Ainsi, l'actualisation de la LPM a résolu certaines tensions, mais pas toutes. D'ailleurs, il n'y a pas que la programmation militaire qui a été actualisée : il y a aussi la doctrine.
Le ministre de la Défense est venu devant la commission nous parler du rapport au Parlement que nous lui avions demandé sur les conditions d'emploi des armées sur le territoire national, et ce rapport a fait l'objet d'une discussion en séance publique le 16 mars. Il s'agit là encore de tirer les conclusions de l'opération Sentinelle, cette fois-ci dans le champ doctrinal. Ce rapport vise, d'une certaine façon, à ce que notre dispositif terrestre de protection du territoire national ne change pas seulement de volume, en passant de 1 000 à 7 000 ou 10 000 hommes, mais à ce qu'il change aussi de modèle.

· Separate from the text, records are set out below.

(* For every $\lambda>\lambda^*$, $e(\lambda)\in I_\lambda\cap(-\infty,0)$; that is, $e(\lambda)>-1/(\gamma b^* )$, $G(e(\lambda))<\lambda/a^*$, and $e(\lambda)<0$.
   Context: Standing setup. Let $\gamma>0$; let $a_1,\dots,a_p>0$ with weights $\omega_i>0$, $\sum_i\omega_i=1$, and $b_1,\dots,b_n>0$ with weights $\pi_j>0$, $\sum_j\pi_j=1$; put $a^*=\max_i a_i$, $b^*=\max_j b_j$. Let $\mu$ be the limiting spectral distribution of $\mathbf{N}\mathbf{N}^T$ where $\mathbf{N}=\mathbf{A}^{1/2}\mathbf{G}\mathbf{B}^{1/2}$ is $k\times l$, $\mathbf{G}$ has iid mean-zero entries of variance $1/l$, $k/l\to\gamma$, and the spectral distributions of $\mathbf{A},\mathbf{B}$ converge to $\nu=\sum_i\omega_i\delta_{a_i}$ and $\underline{\nu}=\sum_j\pi_j\delta_{b_j}$. $\mu$ is a compactly supported probability measure on $[0,\infty)$; $\lambda^*>0$ is the right endpoint of its support, and $s(\lambda)=\int\frac{d\mu(t)}{t-\lambda}$ for $\lambda>\lambda^*$. Define $G(e)=\sum_{j=1}^n\frac{b_j\pi_j}{1+\gamma b_j e}$, $J=\{e: e>-1/(\gamma b^* )\}$, and for $\lambda>0$, $I_\lambda=\{e\in J: G(e)<\lambda/a^*\}$. Define $F(\lambda,e)=e-\sum_{i=1}^p\frac{a_i\omega_i}{a_iG(e)-\lambda}$. It is known (master equations) that there is a continuous (indeed smooth) real function $e(\lambda)$ on $(\lambda^*,\infty)$, never equal to a pole $-1/(\gamma b_j)$ of $G$ and with $a_iG(e(\lambda))\ne\lambda$, satisfying $s(\lambda)=\sum_{i=1}^p\frac{\omega_i}{a_iG(e(\lambda))-\lambda}$ and $e(\lambda)=\sum_{i=1}^p\frac{a_i\omega_i}{a_iG(e(\lambda))-\lambda}$, i.e. $F(\lambda,e(\lambda))=0$. *)

theory Defs
  imports "HOL-Probability.Probability"
begin

definition msupp :: "real measure \<Rightarrow> real set" where
  "msupp M = {x. \<forall>\<epsilon>>0. measure M {x - \<epsilon><..<x + \<epsilon>} > 0}"

definition stieltjes :: "real measure \<Rightarrow> real \<Rightarrow> real" where
  "stieltjes M l = (\<integral>t. 1 / (t - l) \<partial>M)"

definition Gfun :: "real \<Rightarrow> nat \<Rightarrow> (nat \<Rightarrow> real) \<Rightarrow> (nat \<Rightarrow> real) \<Rightarrow> real \<Rightarrow> real" where
  "Gfun \<gamma> n b \<pi> e = (\<Sum>j<n. b j * \<pi> j / (1 + \<gamma> * b j * e))"

definition Ilam :: "real \<Rightarrow> nat \<Rightarrow> (nat \<Rightarrow> real) \<Rightarrow> (nat \<Rightarrow> real) \<Rightarrow> real \<Rightarrow> real \<Rightarrow> real \<Rightarrow> real set" where
  "Ilam \<gamma> n b \<pi> astar bstar l =
     {e. e > - 1 / (\<gamma> * bstar) \<and> Gfun \<gamma> n b \<pi> e < l / astar}"

end

theory Submission
  imports Defs
begin

text \<open>The master equations give the identity \<open>G(e) e = 1 + \<lambda> s(\<lambda>)\<close>, and since \<open>\<mu>\<close> lives on
  \<open>[0, \<lambda>*]\<close> we have \<open>-1/(\<lambda> - \<lambda>*) \<le> s(\<lambda>) \<le> -1/\<lambda>\<close>; so the product \<open>G(e(\<lambda>)) e(\<lambda>)\<close> lies in
  \<open>[-\<lambda>*/(\<lambda> - \<lambda>*), 0]\<close>. For one sufficiently large \<open>\<lambda>\<^sub>0\<close> this forces
  \<open>1 + \<gamma> b* e(\<lambda>\<^sub>0) > 0\<close> and \<open>a* G(e(\<lambda>\<^sub>0)) < \<lambda>\<^sub>0\<close>. Both quantities depend continuously on \<open>\<lambda>\<close>
  and never vanish on \<open>(\<lambda>*, \<infinity>)\<close>, so they keep their sign there. Finally every summand of
  \<open>e(\<lambda>) = \<Sum>\<^sub>i a\<^sub>i \<omega>\<^sub>i / (a\<^sub>i G(e(\<lambda>)) - \<lambda>)\<close> is then negative.\<close>

lemma AE_in_msupp:
  assumes "finite_measure M" and "sets M = sets borel"
  shows "AE x in M. x \<in> msupp M"
proof -
  interpret finite_measure M by fact
  define N where "N = {S. \<exists>x \<epsilon>. \<epsilon> > 0 \<and> S = {x - \<epsilon><..<x + \<epsilon>} \<and> measure M S = 0}"
  have "\<And>S. S \<in> N \<Longrightarrow> open S" by (auto simp: N_def)
  then obtain N' where N': "N' \<subseteq> N" "countable N'" "\<Union>N' = \<Union>N" using Lindelof by metis
  have "AE x in M. \<forall>S\<in>N'. x \<notin> S"
  proof (subst AE_ball_countable[OF N'(2)], intro ballI)
    fix S assume "S \<in> N'"
    then have "S \<in> sets M" "measure M S = 0" using N' assms(2) by (auto simp: N_def)
    then show "AE x in M. x \<notin> S"
      by (intro AE_not_in) (simp add: null_sets_def emeasure_eq_measure)
  qed
  then show ?thesis
  proof (rule eventually_mono)
    fix x assume "\<forall>S\<in>N'. x \<notin> S"
    then have "x \<notin> \<Union>N" using N'(3) by auto
    then have "\<forall>\<epsilon>>0. measure M {x - \<epsilon><..<x + \<epsilon>} \<noteq> 0"
      unfolding N_def by force
    then show "x \<in> msupp M" by (simp add: msupp_def less_le)
  qed
qed

lemma stieltjes_bounds:
  assumes "prob_space M" and "sets M = sets borel"
    and supp: "msupp M \<subseteq> {0..T}" and "0 \<le> T" "T < l"
  shows "- 1 / (l - T) \<le> stieltjes M l" "stieltjes M l \<le> - 1 / l"
proof -
  interpret prob_space M by fact
  have bounds: "AE t in M. - 1 / (l - T) \<le> 1 / (t - l) \<and> 1 / (t - l) \<le> - 1 / l"
    using AE_in_msupp[OF finite_measure_axioms assms(2)]
  proof (rule eventually_mono)
    fix t assume "t \<in> msupp M"
    then have "0 \<le> t" "t \<le> T" using supp by auto
    then show "- 1 / (l - T) \<le> 1 / (t - l) \<and> 1 / (t - l) \<le> - 1 / l"
      using assms(4,5) by (simp add: divide_simps)
  qed
  have "integrable M (\<lambda>t. 1 / (t - l))"
  proof (rule integrable_const_bound[where B = "1 / (l - T) + 1 / l"])
    show "AE t in M. norm (1 / (t - l)) \<le> 1 / (l - T) + 1 / l"
      using bounds
    proof (rule eventually_mono)
      fix t assume "- 1 / (l - T) \<le> 1 / (t - l) \<and> 1 / (t - l) \<le> - 1 / l"
      moreover have "0 < 1 / l" "0 < 1 / (l - T)" using assms(4,5) by auto
      ultimately show "norm (1 / (t - l)) \<le> 1 / (l - T) + 1 / l"
        unfolding real_norm_def by linarith
    qed
    show "(\<lambda>t. 1 / (t - l)) \<in> borel_measurable M"
      by (simp add: measurable_cong_sets[OF assms(2) refl])
  qed
  then show "- 1 / (l - T) \<le> stieltjes M l" "stieltjes M l \<le> - 1 / l"
    unfolding stieltjes_def using integral_ge_const integral_le_const bounds
    by (auto elim: eventually_mono)
qed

Je ne reviendrai pas en détail sur tout ce que contient ce rapport ; nous en avons discuté en séance publique. Soulignons simplement que sa grande nouveauté tient à la définition d'une nouvelle « posture » des armées : la « posture de protection terrestre ». Il s'agit d'un cadre doctrinal visant à mieux exploiter les compétences des militaires lorsqu'ils agissent sur le territoire national. Ces savoir-faire, nous les connaissons : capacité à agir de façon planifiée et coordonnée, puissance de feu (au moins à titre dissuasif), capacité de manoeuvre dans tous types d'espaces, y compris difficilement accessibles, etc. Il s'agit, en quelque sorte, de passer d'une logique de « missions intérieures » de type Vigipirate, où les militaires agissaient en supplétifs de la police, à une logique d'« opérations intérieures », où l'on cherche davantage à exploiter les savoir-faire des armées et leur complémentarité avec ceux des forces de sécurité intérieure.
Cela suppose divers arrangements doctrinaux ; le rapport pourvoit à certains, et un travail est encore nécessaire pour donner du contenu à cette posture de protection terrestre. Cela aurait pu supposer aussi des arrangements juridiques, concernant l'emploi de la force ou les prérogatives des militaires. En la matière, le rapport propose de s'en tenir aux ajustements opérés il y a quelques mois par la réforme de la procédure pénale, et nous pensons que c'est globalement une position avisée. D'ores et déjà, le droit de l'emploi de la force a été adapté au mode opératoire des terroristes que ne prenait pas en compte notre droit : les « cavales meurtrières ». Ainsi, les policiers, les gendarmes et les militaires des armées pourront employer la force non seulement en position de légitime défense ‒ d'eux-mêmes ou d'autrui ‒, mais aussi lorsqu'un terroriste est en train de faire mouvement d'un lieu de meurtre à un autre ; pensons par exemple au circuit des terroristes du 13 novembre dans l'est de Paris.